lemma has_vector_derivative_eq_continuous_on_Icc:
  fixes f k :: "real \<Rightarrow> real"
  assumes "l < u"
    and f: "\<And>x. x \<in> {l..u} \<Longrightarrow> (f has_vector_derivative f' x) (at x within {l..u})"
    and k: "continuous_on {l..u} k"
    and eq: "\<And>x. x \<in> {l<..<u} \<Longrightarrow> f' x = k x"
    and x: "x \<in> {l..u}"
  shows "f' x = k x"
proof -
  define \<Psi> where "\<Psi> t = f l + integral {l..t} k" for t
  have \<Psi>: "(\<Psi> has_vector_derivative k y) (at y within {l..u})" if "y \<in> {l..u}" for y
    unfolding \<Psi>_def using integral_has_vector_derivative[OF k that]
    by (auto intro!: derivative_eq_intros)
  have "continuous_on {l..u} \<Psi>" "continuous_on {l..u} f"
    using \<Psi> f has_vector_derivative_continuous continuous_on_eq_continuous_within by blast+
  then have cont: "continuous_on {l..u} (\<lambda>y. \<Psi> y - f y)"
    by (rule continuous_on_diff)
  have "\<Psi> y - f y = 0" if y: "y \<in> {l..u}" for y
  proof (rule has_derivative_zero_unique_strong_interval[OF _ cont _ _ y, of "{l, u}"])
    fix z assume z: "z \<in> {l..u} - {l, u}"
    then have "((\<lambda>y. \<Psi> y - f y) has_vector_derivative k z - f' z) (at z within {l..u})"
      using \<Psi> f by (intro derivative_intros) auto
    then show "((\<lambda>y. \<Psi> y - f y) has_derivative (\<lambda>h. 0)) (at z within {l..u})"
      using eq[of z] z by (simp add: has_vector_derivative_def)
  qed (simp_all add: \<Psi>_def)
  then have "(f has_vector_derivative k x) (at x within {l..u})"
    using has_vector_derivative_transform[OF x _ \<Psi>[OF x], of f] by force
  then show ?thesis
    using vector_derivative_within_cbox[of l u x f] f[OF x] x \<open>l < u\<close> by (metis cbox_interval)
qed

lemma Phi_sol_has_D1:
  assumes "Phi_sol \<rho> H \<mu> \<phi>" "x \<in> I01"
  shows "(\<phi> has_vector_derivative D1 \<phi> x) (at x within I01)"
  using assms unfolding Phi_sol_def D1_def by (simp add: vector_derivative_works[symmetric])

lemma Phi_sol_continuous:
  assumes "Phi_sol \<rho> H \<mu> \<phi>"
  shows "continuous_on I01 \<phi>"
  using Phi_sol_has_D1[OF assms] has_vector_derivative_continuous
    continuous_on_eq_continuous_within by blast

text \<open>In the interior \<open>\<phi>\<^sub>p/H\<^sub>p\<^sup>3\<close> differs from \<open>\<integral>\<^sub>-\<^sub>1\<^sup>p \<mu>\<rho>\<^sub>p\<phi>\<close> by a constant; the
  endpoint lemma carries this over to the one-sided derivatives at \<open>p = -1, 0\<close>.\<close>
lemma Phi_sol_flux_continuous:
  assumes \<phi>: "Phi_sol \<rho> H \<mu> \<phi>"
    and H': "continuous_on I01 (D1 H)" and H'_pos: "\<And>p. p \<in> I01 \<Longrightarrow> 0 < D1 H p"
    and \<rho>': "continuous_on I01 (D1 \<rho>)"
  shows "continuous_on I01 (\<lambda>s. D1 \<phi> s / D1 H s ^ 3)"
proof -
  define g where "g s = D1 \<phi> s / D1 H s ^ 3" for s
  define G where "G t = integral {-1..t} (\<lambda>s. \<mu> * D1 \<rho> s * \<phi> s)" for t
  have "continuous_on I01 (\<lambda>s. \<mu> * D1 \<rho> s * \<phi> s)"
    using Phi_sol_continuous[OF \<phi>] \<rho>' by (intro continuous_intros)
  then have G: "(G has_vector_derivative \<mu> * D1 \<rho> x * \<phi> x) (at x within I01)" if "x \<in> I01" for x
    unfolding G_def using integral_has_vector_derivative that by blast
  then have G_cont: "continuous_on I01 G"
    using has_vector_derivative_continuous continuous_on_eq_continuous_within by blast
  have "\<exists>c. \<forall>x\<in>{-1<..<0}. g x - G x = c"
  proof (rule has_field_derivative_zero_constant)
    fix x :: real assume x: "x \<in> {-1<..<0}"
    then have "(G has_real_derivative \<mu> * D1 \<rho> x * \<phi> x) (at x)"
      using G[of x] by (auto intro: has_real_derivative_at_interior)
    moreover have "(g has_real_derivative \<mu> * D1 \<rho> x * \<phi> x) (at x)"
      using \<phi> x unfolding Phi_sol_def g_def by blast
    ultimately have "((\<lambda>x. g x - G x) has_real_derivative 0) (at x)"
      using DERIV_diff by fastforce
    then show "((\<lambda>x. g x - G x) has_real_derivative 0) (at x within {-1<..<0})"
      by (rule has_field_derivative_at_within)
  qed simp
  then obtain c where c: "\<And>x. x \<in> {-1<..<0} \<Longrightarrow> g x = G x + c"
    by (metis add.commute diff_eq_eq)
  have "D1 \<phi> x = (G x + c) * D1 H x ^ 3" if x: "x \<in> I01" for x
  proof (rule has_vector_derivative_eq_continuous_on_Icc[of "-1" 0 \<phi> "D1 \<phi>", OF _ _ _ _ x])
    show "continuous_on I01 (\<lambda>x. (G x + c) * D1 H x ^ 3)"
      using G_cont H' by (intro continuous_intros)
    fix y :: real assume y: "y \<in> {-1<..<0}"
    then have "D1 H y \<noteq> 0" using H'_pos[of y] by auto
    then show "D1 \<phi> y = (G y + c) * D1 H y ^ 3" using c[OF y] by (simp add: g_def field_simps)
  qed (use Phi_sol_has_D1[OF \<phi>] in auto)
  then have "g x = G x + c" if "x \<in> I01" for x
    using H'_pos[OF that] that by (simp add: g_def)
  moreover have "continuous_on I01 (\<lambda>x. G x + c)"
    using G_cont by (intro continuous_intros)
  ultimately show ?thesis
    unfolding g_def[symmetric] by (metis (no_types, lifting) continuous_on_eq)
qed

lemma energy_density_eq:
  fixes Hp hp wp wq :: real
  assumes "Hp \<noteq> 0" "hp \<noteq> 0" "hp = Hp + wp"
  shows "(Hp ^ 3 * wq\<^sup>2 + (Hp + 2 * hp) * wp\<^sup>2) / (2 * hp\<^sup>2 * Hp ^ 3)
    = (1 + wq\<^sup>2) / (2 * hp\<^sup>2) - 1 / (2 * Hp\<^sup>2) + wp / Hp ^ 3"
proof -
  have wp: "wp = hp - Hp" using assms(3) by simp
  show ?thesis
    unfolding wp using assms(1,2) by (simp add: field_simps) algebra
qed

text \<open>Integration along a vertical line of the conservation law \<open>a' = r v - b\<close>,
  tested against a solution \<open>\<phi>\<close> of \<open>g' = r \<phi>\<close>: the terms \<open>r v \<phi>\<close> cancel in the derivative of
  \<open>a \<phi> - v g\<close>.\<close>
lemma has_integral_conservation_law:
  fixes a b v \<phi> g r f :: "real \<Rightarrow> real"
  assumes "l \<le> u"
    and cont: "continuous_on {l..u} a" "continuous_on {l..u} v" "continuous_on {l..u} \<phi>"
      "continuous_on {l..u} g" "continuous_on {l..u} (\<lambda>s. \<phi> s * b s)"
    and a': "\<And>s. s \<in> {l<..<u} \<Longrightarrow> (a has_real_derivative r s * v s - b s) (at s)"
    and v': "\<And>s. s \<in> {l<..<u} \<Longrightarrow> (v has_real_derivative v' s) (at s)"
    and \<phi>': "\<And>s. s \<in> {l<..<u} \<Longrightarrow> (\<phi> has_real_derivative \<phi>' s) (at s)"
    and g': "\<And>s. s \<in> {l<..<u} \<Longrightarrow> (g has_real_derivative r s * \<phi> s) (at s)"
    and f: "\<And>s. s \<in> {l<..<u} \<Longrightarrow> f s = v' s * g s - a s * \<phi>' s"
  shows "(f has_integral (a l * \<phi> l - v l * g l) - (a u * \<phi> u - v u * g u)
            - integral {l..u} (\<lambda>s. \<phi> s * b s)) {l..u}"
proof -
  define K where "K s = a s * \<phi> s - v s * g s" for s
  define K' where "K' s = a s * \<phi>' s - v' s * g s - \<phi> s * b s" for s
  have "(K' has_integral K u - K l) {l..u}"
  proof (rule fundamental_theorem_of_calculus_interior[OF \<open>l \<le> u\<close>])
    show "continuous_on {l..u} K" unfolding K_def using cont by (intro continuous_intros)
    fix s assume s: "s \<in> {l<..<u}"
    have "(K has_real_derivative
        (r s * v s - b s) * \<phi> s + \<phi>' s * a s - (v' s * g s + r s * \<phi> s * v s)) (at s)"
      unfolding K_def
      using DERIV_diff[OF DERIV_mult[OF a'[OF s] \<phi>'[OF s]] DERIV_mult[OF v'[OF s] g'[OF s]]] .
    then show "(K has_vector_derivative K' s) (at s)"
      by (simp add: K'_def has_real_derivative_iff_has_vector_derivative[symmetric] algebra_simps)
  qed
  moreover have "((\<lambda>s. \<phi> s * b s) has_integral integral {l..u} (\<lambda>s. \<phi> s * b s)) {l..u}"
    using integrable_continuous_interval[OF cont(5)] by (rule integrable_integral)
  ultimately have "((\<lambda>s. - K' s - \<phi> s * b s) has_integral
      - (K u - K l) - integral {l..u} (\<lambda>s. \<phi> s * b s)) {l..u}"
    by (intro has_integral_diff has_integral_neg)
  then have "(f has_integral - (K u - K l) - integral {l..u} (\<lambda>s. \<phi> s * b s)) {l..u}"
    by (rule has_integral_spike_finite[of "{l, u}", rotated 2]) (use f in \<open>auto simp: K'_def\<close>)
  then show ?thesis by (simp add: K_def)
qed

lemma tendsto_integral_uniform_limit_zero:
  fixes f :: "'a \<Rightarrow> real \<Rightarrow> real"
  assumes "uniform_limit {l..u} f (\<lambda>_. 0) F" and "\<And>x. continuous_on {l..u} (f x)"
  shows "((\<lambda>x. integral {l..u} (f x)) \<longlongrightarrow> 0) F"
proof (cases "F = bot")
  case False
  then obtain I J where I: "\<And>x. (f x has_integral I x) {l..u}"
    and "((\<lambda>_. 0) has_integral J) {l..u}" and "(I \<longlongrightarrow> J) F"
    using uniform_limit_integral[OF assms] by metis
  moreover have "I = (\<lambda>x. integral {l..u} (f x))"
    using I by (auto intro!: integral_unique[symmetric])
  ultimately show ?thesis by simp
qed simp

lemma tendsto_symmetric_integral_zero:
  fixes G G' \<eta> f :: "real \<Rightarrow> real"
  assumes G': "\<And>q. (G has_real_derivative G' q) (at q)" and G: "(G \<longlongrightarrow> 0) at_infinity"
    and \<eta>: "continuous_on UNIV \<eta>" and f: "\<And>q. f q = - A * \<eta> q - G' q"
  shows "((\<lambda>M. integral {-M..M} f + A * integral {-M..M} \<eta>) \<longlongrightarrow> 0) at_top"
proof -
  have "integral {-M..M} f + A * integral {-M..M} \<eta> = G (-M) - G M" if "0 \<le> M" for M
  proof -
    have "(G' has_integral G M - G (-M)) {-M..M}"
    proof (rule fundamental_theorem_of_calculus)
      fix x :: real
      show "(G has_vector_derivative G' x) (at x within {-M..M})"
        using has_field_derivative_at_within[OF G'[of x]]
        by (simp add: has_real_derivative_iff_has_vector_derivative)
    qed (use that in simp)
    moreover have "(\<eta> has_integral integral {-M..M} \<eta>) {-M..M}"
      using integrable_continuous_interval[OF continuous_on_subset[OF \<eta>]] by blast
    ultimately have "((\<lambda>q. - A * \<eta> q - G' q) has_integral
        - A * integral {-M..M} \<eta> - (G M - G (-M))) {-M..M}"
      by (intro has_integral_diff has_integral_mult_right)
    moreover have "f = (\<lambda>q. - A * \<eta> q - G' q)" using f by blast
    ultimately show ?thesis by (simp add: integral_unique)
  qed
  then have "\<forall>\<^sub>F M in at_top. G (-M) - G M = integral {-M..M} f + A * integral {-M..M} \<eta>"
    unfolding eventually_at_top_linorder by (intro exI[of _ 0]) simp
  moreover have "((\<lambda>M. G (-M) - G M) \<longlongrightarrow> 0 - 0) at_top"
    using filterlim_compose[OF tendsto_mono[OF at_bot_le_at_infinity G] filterlim_uminus_at_bot_at_top]
      tendsto_mono[OF at_top_le_at_infinity G] by (rule tendsto_diff)
  ultimately show ?thesis using Lim_transform_eventually by fastforce
qed

lemma continuous_on_Rbar_slice:
  "continuous_on Rbar f \<Longrightarrow> continuous_on I01 (\<lambda>s. f (q, s))"
  by (rule continuous_on_compose2[of Rbar f]) (auto simp: Rbar_def intro!: continuous_intros)

lemma continuous_on_Rbar_snd:
  "continuous_on I01 f \<Longrightarrow> continuous_on Rbar (\<lambda>z. f (snd z))"
  by (rule continuous_on_compose2[of I01 f]) (auto simp: Rbar_def intro!: continuous_intros)

text \<open>\<open>d i j\<close> is the family of partial derivatives \<open>\<partial>\<^sub>q\<^sup>i \<partial>\<^sub>p\<^sup>j w\<close> from the definition of
  the space X.\<close>
locale height_solution =
  fixes \<rho> H :: "real \<Rightarrow> real" and F :: real and \<phi> :: "real \<Rightarrow> real"
    and w :: "real \<times> real \<Rightarrow> real" and d :: "nat \<Rightarrow> nat \<Rightarrow> real \<times> real \<Rightarrow> real"
  assumes D1_\<rho>_cont: "continuous_on I01 (D1 \<rho>)"
    and H_has_D1: "\<And>p. p \<in> I01 \<Longrightarrow> (H has_vector_derivative D1 H p) (at p within I01)"
    and D1_H_differentiable: "D1 H differentiable_on I01"
    and D1_H_pos: "\<And>p. p \<in> I01 \<Longrightarrow> 0 < D1 H p"
    and H_top: "H 0 = 1"
    and phi_sol: "Phi_sol \<rho> H (1 / F\<^sup>2) \<phi>"
    and w_eq_d: "\<And>q p. p \<in> I01 \<Longrightarrow> w (q, p) = d 0 0 (q, p)"
    and d_has_Dq: "\<And>i j q p. i + j < 2 \<Longrightarrow> p \<in> I01 \<Longrightarrow>
      ((\<lambda>s. d i j (s, p)) has_real_derivative d (Suc i) j (q, p)) (at q)"
    and d_has_Dp: "\<And>i j q p. i + j < 2 \<Longrightarrow> p \<in> I01 \<Longrightarrow>
      ((\<lambda>s. d i j (q, s)) has_vector_derivative d i (Suc j) (q, p)) (at p within I01)"
    and d_cont: "\<And>i j. i + j \<le> 2 \<Longrightarrow> continuous_on Rbar (d i j)"
    and d10_vanishes: "\<And>e. 0 < e \<Longrightarrow> \<exists>K. \<forall>q p. p \<in> I01 \<longrightarrow> K \<le> \<bar>q\<bar> \<longrightarrow> \<bar>d 1 0 (q, p)\<bar> < e"
    and w_bottom: "\<And>q. w (q, -1) = 0"
    and solves_height_eq: "height_eq \<rho> H w F"
begin

abbreviation \<mu> :: real where "\<mu> \<equiv> 1 / F\<^sup>2"

abbreviation h :: "real \<times> real \<Rightarrow> real" where "h \<equiv> \<lambda>x. H (snd x) + w x"

abbreviation hp :: "real \<Rightarrow> real \<Rightarrow> real" where "hp q p \<equiv> D1 H p + d 0 1 (q, p)"

definition flux_p :: "real \<times> real \<Rightarrow> real" where
  "flux_p y = - (1 + (Dq h y)\<^sup>2) / (2 * (Dp h y)\<^sup>2) + 1 / (2 * (D1 H (snd y))\<^sup>2)"

definition flux_q :: "real \<times> real \<Rightarrow> real" where
  "flux_q y = Dq h y / Dp h y"

definition flux_q_Dq :: "real \<Rightarrow> real \<Rightarrow> real" where
  "flux_q_Dq q p = (d 2 0 (q, p) * hp q p - d 1 0 (q, p) * d 1 1 (q, p)) / (hp q p)\<^sup>2"

lemma D1_H_cont: "continuous_on I01 (D1 H)"
  using D1_H_differentiable by (rule differentiable_imp_continuous_on)

lemma w_has_Dq: "p \<in> I01 \<Longrightarrow> ((\<lambda>s. w (s, p)) has_real_derivative d 1 0 (q, p)) (at q)"
  using d_has_Dq[of 0 0 p q] w_eq_d by simp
^^^^^^^^^^^^^^^^
EXERCISE DETAILS
Give back, unchanged, the run of lines in the listing above that begins at the line containing "text \<open>\<open>d i" and ends at the line containing "abbreviation \<mu> :: real", both included.

RESULT OF THIS TASK
text \<open>\<open>d i j\<close> is the family of partial derivatives \<open>\<partial>\<^sub>q\<^sup>i \<partial>\<^sub>p\<^sup>j w\<close> from the definition of
  the space X.\<close>
locale height_solution =
  fixes \<rho> H :: "real \<Rightarrow> real" and F :: real and \<phi> :: "real \<Rightarrow> real"
    and w :: "real \<times> real \<Rightarrow> real" and d :: "nat \<Rightarrow> nat \<Rightarrow> real \<times> real \<Rightarrow> real"
  assumes D1_\<rho>_cont: "continuous_on I01 (D1 \<rho>)"
    and H_has_D1: "\<And>p. p \<in> I01 \<Longrightarrow> (H has_vector_derivative D1 H p) (at p within I01)"
    and D1_H_differentiable: "D1 H differentiable_on I01"
    and D1_H_pos: "\<And>p. p \<in> I01 \<Longrightarrow> 0 < D1 H p"
    and H_top: "H 0 = 1"
    and phi_sol: "Phi_sol \<rho> H (1 / F\<^sup>2) \<phi>"
    and w_eq_d: "\<And>q p. p \<in> I01 \<Longrightarrow> w (q, p) = d 0 0 (q, p)"
    and d_has_Dq: "\<And>i j q p. i + j < 2 \<Longrightarrow> p \<in> I01 \<Longrightarrow>
      ((\<lambda>s. d i j (s, p)) has_real_derivative d (Suc i) j (q, p)) (at q)"
    and d_has_Dp: "\<And>i j q p. i + j < 2 \<Longrightarrow> p \<in> I01 \<Longrightarrow>
      ((\<lambda>s. d i j (q, s)) has_vector_derivative d i (Suc j) (q, p)) (at p within I01)"
    and d_cont: "\<And>i j. i + j \<le> 2 \<Longrightarrow> continuous_on Rbar (d i j)"
    and d10_vanishes: "\<And>e. 0 < e \<Longrightarrow> \<exists>K. \<forall>q p. p \<in> I01 \<longrightarrow> K \<le> \<bar>q\<bar> \<longrightarrow> \<bar>d 1 0 (q, p)\<bar> < e"
    and w_bottom: "\<And>q. w (q, -1) = 0"
    and solves_height_eq: "height_eq \<rho> H w F"
begin

abbreviation \<mu> :: real where "\<mu> \<equiv> 1 / F\<^sup>2"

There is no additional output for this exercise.